The European Union's (EU) new Age Verification app, touted as a safeguard for children online, has already been compromised, raising serious concerns about its effectiveness and the potential risks it poses. This app, launched by EU chief Ursula von der Leyen, aims to standardize age checks across online services, mirroring the success of its Covid-era vaccine verification tool. However, security researcher Paul Moore has exposed critical vulnerabilities, highlighting why this app is fundamentally flawed and may not be the panacea it's intended to be.
The Flaws in the System
Moore's analysis reveals a critical oversight in the app's design. He points out that the app fails to protect against relay attacks, where an attacker can manipulate the verification process by using a remote Android device to return a valid attestation. This means that the app, which is supposed to verify the age of a specific user, can be easily bypassed, effectively replacing 'I am over 18' with 'someone is over 18'. This is a significant issue, as it undermines the very purpose of the app and leaves a gaping hole in its security.
The Misalignment of Interests
One of the most concerning aspects of the app's design is the misalignment between the system's interests and the user's interests. In virtually every other scenario, the user and the system are aligned in protecting the user's biometric data. However, in the case of age verification, most users do not want to present their ID simply to access a website. This means that the architecture, which assumes the user is the protected party, is flawed. The user can easily bypass the system, and the architecture doesn't consider this possibility.
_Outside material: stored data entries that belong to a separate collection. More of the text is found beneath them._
definition margin :: real where
  "margin = (1 - arrival_mean / mu_total) * mu 0"

definition scaled :: "(nat \<Rightarrow> nat) \<Rightarrow> nat \<Rightarrow> real" where
  "scaled Q l = real (Q l) / \<gamma> l"

definition V :: "(nat \<Rightarrow> nat) \<Rightarrow> real" where
  "V Q = (\<Sum>l<n. (real (Q l))\<^sup>2 / \<gamma> l)"

text \<open>The first-order part of the expected change of \<open>V\<close> in a slot whose arrivals go to queue \<open>i\<close>.\<close>

definition drift_term :: "(nat \<Rightarrow> nat) \<Rightarrow> nat \<Rightarrow> real" where
  "drift_term Q i = 2 * (arrival_mean * scaled Q i - (\<Sum>l<n. mu l * scaled Q l))"

definition jump_bound :: real where
  "jump_bound = real Amax + real Smax"

definition B_V :: real where
  "B_V = jump_bound\<^sup>2 * (\<Sum>l<n. 1 / \<gamma> l)"

definition B_d :: real where
  "B_d = 2 * jump_bound * (arrival_mean * (\<Sum>l<n. 1 / \<gamma> l) + (\<Sum>l<n. mu l / \<gamma> l))"

definition K_slot :: real where
  "K_slot = B_V + real T * B_d + 1"

text \<open>The drift terms of all remaining slots of the frame are booked in advance.  Each remaining slot
  holds one credit \<open>K_slot\<close>, which pays for the second-order error \<open>B_V\<close> of \<open>V\<close>, for the change
  \<open>B_d\<close> of every booked drift term, and for the required decrease \<open>1\<close>.\<close>

definition lyapunov :: "state \<Rightarrow> real" where
  "lyapunov = (\<lambda>(Q, \<phi>, r). V Q + (\<Sum>j\<in>{r..<T}. drift_term Q (\<phi> ! j)) + real (T - r) * K_slot)"

definition threshold :: nat where
  "threshold = nat \<lceil>real Smax + (\<Sum>l<n. \<gamma> l) * (B_V + (real T - 1) * K_slot + 1) / (2 * real T * margin)\<rceil>"

definition small_states :: "state set" where
  "small_states = {z \<in> Sp. \<forall>l<n. fst z l \<le> threshold}"

definition next_state :: "nat list \<Rightarrow> nat \<Rightarrow> (nat \<Rightarrow> nat) \<Rightarrow> state pmf" where
  "next_state \<phi> r Q' =
     (if Suc r < T then return_pmf (Q', \<phi>, Suc r)
      else bind_pmf (L (scaled Q')) (\<lambda>\<eta>. map_pmf (\<lambda>\<phi>'. (Q', \<phi>', 0)) (Y \<eta> mu)))"

lemma policy_kernel_eq:
  "Kp (Q, \<phi>, r) = bind_pmf A (\<lambda>a. bind_pmf S (\<lambda>s. next_state \<phi> r (queue_update n Q a (\<phi> ! r) s)))"
  unfolding policy_kernel_def next_state_def map_pmf_def scaled_def[abs_def] Let_def by simp

lemma arrival_mean_nonneg: "arrival_mean \<ge> 0"
  unfolding arrival_mean_def by (rule Bochner_Integration.integral_nonneg) auto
The Importance of Physical Access
Those who argue that the app requires physical access to the device and root access are missing the point. The disclosures demonstrate that the user, not the system, is the threat actor. The app's design doesn't account for the fact that the user can root their device and create a chrome extension to bypass the system. This is particularly concerning, as it's precisely those under 18 who are motivated to bypass the verification process.
The Broader Implications
The implications of these flaws are far-reaching. If the app is exploited, will company directors and staff face fines, legal action, or imprisonment for not protecting children? The app's design, which fails to protect against relay attacks and misaligns the interests of the user and the system, raises serious questions about its effectiveness and the potential risks it poses. The app, which was supposed to be a safeguard for children, may actually be doing more harm than good.
The Way Forward
The EU must address these critical flaws in the app's design. It's essential to re-evaluate the threat model and consider the user as a potential threat actor. The app's architecture needs to be revised to account for the possibility of relay attacks and the user's ability to bypass the system. Only then can the app live up to its promise of keeping children safe online.